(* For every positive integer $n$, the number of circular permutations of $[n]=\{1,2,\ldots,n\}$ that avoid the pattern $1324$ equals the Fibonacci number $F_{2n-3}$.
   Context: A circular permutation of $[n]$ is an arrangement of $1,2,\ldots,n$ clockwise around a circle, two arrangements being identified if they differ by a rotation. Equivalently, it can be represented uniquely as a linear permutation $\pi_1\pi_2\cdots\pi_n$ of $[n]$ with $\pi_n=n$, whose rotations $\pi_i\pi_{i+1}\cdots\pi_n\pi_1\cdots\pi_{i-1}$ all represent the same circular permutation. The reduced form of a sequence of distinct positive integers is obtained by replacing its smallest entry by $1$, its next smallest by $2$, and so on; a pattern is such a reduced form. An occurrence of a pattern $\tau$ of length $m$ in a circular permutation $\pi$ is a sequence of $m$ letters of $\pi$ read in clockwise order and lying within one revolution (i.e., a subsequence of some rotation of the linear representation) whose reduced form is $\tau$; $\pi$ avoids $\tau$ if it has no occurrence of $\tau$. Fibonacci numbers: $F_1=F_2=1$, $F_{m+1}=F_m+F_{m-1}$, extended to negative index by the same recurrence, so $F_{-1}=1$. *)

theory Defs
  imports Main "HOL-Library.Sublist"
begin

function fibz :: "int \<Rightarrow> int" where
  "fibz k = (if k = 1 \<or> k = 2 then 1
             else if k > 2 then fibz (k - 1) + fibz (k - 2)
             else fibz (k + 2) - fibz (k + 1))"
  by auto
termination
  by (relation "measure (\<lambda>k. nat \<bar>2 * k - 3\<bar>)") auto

────

*What you need to do*. Return the lines beginning at the one that contains "k = 2 then 1" and continuing through the last line of the data, exactly as they stand and without any others.

*Response to the exercise*.
  "fibz k = (if k = 1 \<or> k = 2 then 1
             else if k > 2 then fibz (k - 1) + fibz (k - 2)
             else fibz (k + 2) - fibz (k + 1))"
  by auto
termination
  by (relation "measure (\<lambda>k. nat \<bar>2 * k - 3\<bar>)") auto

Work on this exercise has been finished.